• [Collected data]
┄┄┄┄┄┄
lemma bloch_unit_ball_Montel:
  fixes F :: "nat \<Rightarrow> complex \<Rightarrow> complex"
  assumes F: "\<And>k. F k \<in> bloch 1" "\<And>k. bloch_norm 1 (F k) \<le> 1"
  obtains r F_lim where "strict_mono r" "F_lim holomorphic_on disc"
    and "\<And>z. z \<in> disc \<Longrightarrow> cmod (F_lim z) \<le> log_weight z / ln 2"
    and "\<And>k z. z \<in> disc \<Longrightarrow> cmod ((F \<circ> r) k z - F_lim z) \<le> 2 / ln 2 * log_weight z"
    and "\<And>K. compact K \<Longrightarrow> K \<subseteq> disc \<Longrightarrow> uniform_limit K (F \<circ> r) F_lim sequentially"
proof -
  define \<H> where "\<H> = {f. f holomorphic_on disc \<and> (\<forall>z\<in>disc. cmod (f z) \<le> log_weight z / ln 2)}"
  have locally_bounded: "\<exists>B. \<forall>h\<in>\<H>. \<forall>z\<in>K. cmod (h z) \<le> B" if "compact K" "K \<subseteq> disc" for K
  proof (cases "K = {}")
    case False
    then obtain z0 where "z0 \<in> K" and z0_max: "\<And>z. z \<in> K \<Longrightarrow> cmod z \<le> cmod z0"
      using continuous_attains_sup[OF \<open>compact K\<close> False continuous_on_norm_id] by blast
    then have "z0 \<in> disc" using \<open>K \<subseteq> disc\<close> by auto
    have "cmod (h z) \<le> log_weight z0 / ln 2" if "h \<in> \<H>" "z \<in> K" for h z
    proof -
      have "cmod (h z) \<le> log_weight z / ln 2" using that \<open>K \<subseteq> disc\<close> by (auto simp: \<H>_def)
      also have "\<dots> \<le> log_weight z0 / ln 2"
        using log_weight_mono[OF \<open>z0 \<in> disc\<close> z0_max[OF \<open>z \<in> K\<close>]] by (simp add: divide_right_mono)
      finally show ?thesis .
    qed
    then show ?thesis by blast
  qed simp
  have holo: "\<And>h. h \<in> \<H> \<Longrightarrow> h holomorphic_on disc" by (simp add: \<H>_def)
  have "range F \<subseteq> \<H>"
    using F bloch_unit_norm_le_log_weight by (auto simp: \<H>_def bloch_def)
  obtain F_lim r where F_lim: "F_lim holomorphic_on disc" and "strict_mono r"
    and pointwise: "\<And>z. z \<in> disc \<Longrightarrow> (\<lambda>k. F (r k) z) \<longlonglongrightarrow> F_lim z"
    and unif: "\<And>K. compact K \<Longrightarrow> K \<subseteq> disc \<Longrightarrow> uniform_limit K (F \<circ> r) F_lim sequentially"
    using Montel[OF open_ball holo locally_bounded \<open>range F \<subseteq> \<H>\<close>] by blast
  have F_lim_le: "cmod (F_lim z) \<le> log_weight z / ln 2" if "z \<in> disc" for z
  proof (rule Lim_norm_ubound[OF trivial_limit_sequentially pointwise[OF that]])
    show "\<forall>\<^sub>F k in sequentially. norm (F (r k) z) \<le> log_weight z / ln 2"
      using F bloch_unit_norm_le_log_weight that by (intro always_eventually) blast
  qed
  have growth: "cmod ((F \<circ> r) k z - F_lim z) \<le> 2 / ln 2 * log_weight z" if "z \<in> disc" for k z
  proof -
    have "cmod (F (r k) z) \<le> log_weight z / ln 2"
      using bloch_unit_norm_le_log_weight[OF _ _ that] F by blast
    then have "cmod (F (r k) z - F_lim z) \<le> log_weight z / ln 2 + log_weight z / ln 2"
      using norm_triangle_ineq4[of "F (r k) z" "F_lim z"] F_lim_le[OF that] by linarith
    then show ?thesis by simp
  qed
  show ?thesis by (rule that[OF \<open>strict_mono r\<close> F_lim F_lim_le growth unif])
qed

lemma eventually_weighted_norm_mult_le:
  fixes F :: "nat \<Rightarrow> complex \<Rightarrow> complex"
  assumes g: "g holomorphic_on disc" and vanishing: "vanishing_at_boundary (log_weighted e g)"
    and "e \<ge> 0" "c \<ge> 0" "\<epsilon> > 0"
    and growth: "\<And>k z. z \<in> disc \<Longrightarrow> cmod (F k z - F_lim z) \<le> c * log_weight z"
    and unif: "\<And>K. compact K \<Longrightarrow> K \<subseteq> disc \<Longrightarrow> uniform_limit K F F_lim sequentially"
  shows "\<forall>\<^sub>F k in sequentially. \<forall>w\<in>disc.
           (1 - (cmod w)\<^sup>2) powr e * cmod ((F k w - F_lim w) * g w) \<le> \<epsilon>"
proof -
  obtain r where "r < 1"
    and outer: "\<And>z. r < cmod z \<Longrightarrow> cmod z < 1 \<Longrightarrow> log_weighted e g z < \<epsilon> / (c + 1)"
    using vanishing[rule_format, of "\<epsilon> / (c + 1)"] \<open>\<epsilon> > 0\<close> \<open>c \<ge> 0\<close> by auto
  obtain G where "0 \<le> G" and G: "\<And>w. cmod w \<le> r \<Longrightarrow> cmod (g w) \<le> G"
    using holomorphic_on_disc_bounded_on_cball[OF g \<open>r < 1\<close>] by blast
  have "cball 0 r \<subseteq> disc" using \<open>r < 1\<close> by auto
  have "\<forall>\<^sub>F k in sequentially. \<forall>w\<in>cball 0 r. dist ((F k) w) (F_lim w) < \<epsilon> / (G + 1)"
    using unif[OF compact_cball \<open>cball 0 r \<subseteq> disc\<close>] \<open>\<epsilon> > 0\<close> \<open>0 \<le> G\<close>
    unfolding uniform_limit_iff by simp
  then show ?thesis
  proof (rule eventually_mono, intro ballI)
    fix k w assume close: "\<forall>w\<in>cball 0 r. dist (F k w) (F_lim w) < \<epsilon> / (G + 1)" and w: "w \<in> disc"
    show "(1 - (cmod w)\<^sup>2) powr e * cmod ((F k w - F_lim w) * g w) \<le> \<epsilon>"
    proof (cases "cmod w \<le> r")
      case True
      have "(1 - (cmod w)\<^sup>2) powr e \<le> 1"
        using \<open>e \<ge> 0\<close> disc_weight_pos[OF w] by (intro powr_le1) auto
      moreover have "cmod ((F k w - F_lim w) * g w) \<le> \<epsilon> / (G + 1) * G"
        unfolding norm_mult using close True G[OF True] \<open>0 \<le> G\<close> \<open>\<epsilon> > 0\<close>
        by (intro mult_mono) (auto simp: dist_norm less_imp_le)
      moreover have "\<epsilon> / (G + 1) * G \<le> \<epsilon>"
        using \<open>\<epsilon> > 0\<close> \<open>0 \<le> G\<close> by (simp add: field_simps)
      ultimately show ?thesis
        by (meson mult_left_le_one_le norm_ge_zero order_trans powr_ge_zero)
    next
      case False
      then have "log_weighted e g w \<le> \<epsilon> / (c + 1)"
        using outer[of w] w by simp
      then have "(1 - (cmod w)\<^sup>2) powr e * cmod ((F k w - F_lim w) * g w) \<le> c * (\<epsilon> / (c + 1))"
        using growth[OF w] \<open>c \<ge> 0\<close> by (intro weighted_norm_mult_le)
      also have "\<dots> \<le> \<epsilon>"
        using \<open>\<epsilon> > 0\<close> \<open>c \<ge> 0\<close> by (simp add: field_simps)
      finally show ?thesis .
    qed
  qed
qed

lemma tendsto_0_if_eventually_le:
  fixes X :: "'a \<Rightarrow> real"
  assumes "\<And>k. 0 \<le> X k" and "\<And>\<epsilon>. \<epsilon> > 0 \<Longrightarrow> \<forall>\<^sub>F k in F. X k \<le> \<epsilon>"
  shows "(X \<longlongrightarrow> 0) F"
proof (rule order_tendstoI)
  fix a :: real assume "a < 0"
  then show "\<forall>\<^sub>F k in F. a < X k"
    using assms(1) by (intro always_eventually) (meson less_le_trans)
next
  fix b :: real assume "b > 0"
  then have "\<forall>\<^sub>F k in F. X k \<le> b / 2" by (intro assms(2)) simp
  then show "\<forall>\<^sub>F k in F. X k < b"
    by (rule eventually_mono) (use \<open>b > 0\<close> in simp)
qed

lemma bloch_norm_intop_mult_diff_le:
  assumes "\<beta> > 0" "n > 0" and g: "g holomorphic_on disc"
  obtains C where "C > 0"
    and "\<And>f\<^sub>1 f\<^sub>2 M. f\<^sub>1 holomorphic_on disc \<Longrightarrow> f\<^sub>2 holomorphic_on disc \<Longrightarrow>
           \<forall>w\<in>disc. (1 - (cmod w)\<^sup>2) powr (real n + \<beta> - 1) * cmod ((f\<^sub>1 w - f\<^sub>2 w) * g w) \<le> M \<Longrightarrow>
           bloch_norm \<beta> (\<lambda>z. intop_mult n g f\<^sub>1 z - intop_mult n g f\<^sub>2 z) \<le> C * M"
proof -
  obtain C where "C > 0" and bloch_bound: "\<And>H M. H holomorphic_on disc \<Longrightarrow>
     (\<forall>w\<in>disc. (1 - (cmod w)\<^sup>2) powr (real n + \<beta> - 1) * cmod (H w) \<le> M) \<Longrightarrow>
     (intop ^^ n) H \<in> bloch \<beta> \<and> bloch_norm \<beta> ((intop ^^ n) H) \<le> C * M"
    using intop_funpow_bloch_norm_le[OF assms(1,2)] by blast
  show ?thesis
  proof (rule that[OF \<open>C > 0\<close>])
    fix f\<^sub>1 f\<^sub>2 M assume f: "f\<^sub>1 holomorphic_on disc" "f\<^sub>2 holomorphic_on disc"
      and bound: "\<forall>w\<in>disc. (1 - (cmod w)\<^sup>2) powr (real n + \<beta> - 1) * cmod ((f\<^sub>1 w - f\<^sub>2 w) * g w) \<le> M"
    have "intop_mult n g f\<^sub>1 z - intop_mult n g f\<^sub>2 z = (intop ^^ n) (\<lambda>w. (f\<^sub>1 w - f\<^sub>2 w) * g w) z"
      if "z \<in> disc" for z
    proof -
      have "(intop ^^ n) (\<lambda>w. f\<^sub>1 w * g w - f\<^sub>2 w * g w) z = intop_mult n g f\<^sub>1 z - intop_mult n g f\<^sub>2 z"
        using f g that by (intro intop_funpow_diff) (auto intro!: holomorphic_intros)
      then show ?thesis by (simp add: left_diff_distrib)
    qed
    then have "bloch_norm \<beta> (\<lambda>z. intop_mult n g f\<^sub>1 z - intop_mult n g f\<^sub>2 z)
                 = bloch_norm \<beta> ((intop ^^ n) (\<lambda>w. (f\<^sub>1 w - f\<^sub>2 w) * g w))"
      by (rule bloch_norm_cong)
    also have "\<dots> \<le> C * M"
    proof -
      have "(\<lambda>w. (f\<^sub>1 w - f\<^sub>2 w) * g w) holomorphic_on disc"
        using f g by (intro holomorphic_intros)
      then show ?thesis using bloch_bound bound by blast
    qed
    finally show "bloch_norm \<beta> (\<lambda>z. intop_mult n g f\<^sub>1 z - intop_mult n g f\<^sub>2 z) \<le> C * M" .
  qed
qed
┄┄┄┄┄┄
• [TASK STATEMENT] Copy the records above exactly, beginning at the line that contains "by (meson mult_left_le_one_le" and stopping after the line that contains "fix b :: real".

• [RESULT]
        by (meson mult_left_le_one_le norm_ge_zero order_trans powr_ge_zero)
    next
      case False
      then have "log_weighted e g w \<le> \<epsilon> / (c + 1)"
        using outer[of w] w by simp
      then have "(1 - (cmod w)\<^sup>2) powr e * cmod ((F k w - F_lim w) * g w) \<le> c * (\<epsilon> / (c + 1))"
        using growth[OF w] \<open>c \<ge> 0\<close> by (intro weighted_norm_mult_le)
      also have "\<dots> \<le> \<epsilon>"
        using \<open>\<epsilon> > 0\<close> \<open>c \<ge> 0\<close> by (simp add: field_simps)
      finally show ?thesis .
    qed
  qed
qed

lemma tendsto_0_if_eventually_le:
  fixes X :: "'a \<Rightarrow> real"
  assumes "\<And>k. 0 \<le> X k" and "\<And>\<epsilon>. \<epsilon> > 0 \<Longrightarrow> \<forall>\<^sub>F k in F. X k \<le> \<epsilon>"
  shows "(X \<longlongrightarrow> 0) F"
proof (rule order_tendstoI)
  fix a :: real assume "a < 0"
  then show "\<forall>\<^sub>F k in F. a < X k"
    using assms(1) by (intro always_eventually) (meson less_le_trans)
next
  fix b :: real assume "b > 0"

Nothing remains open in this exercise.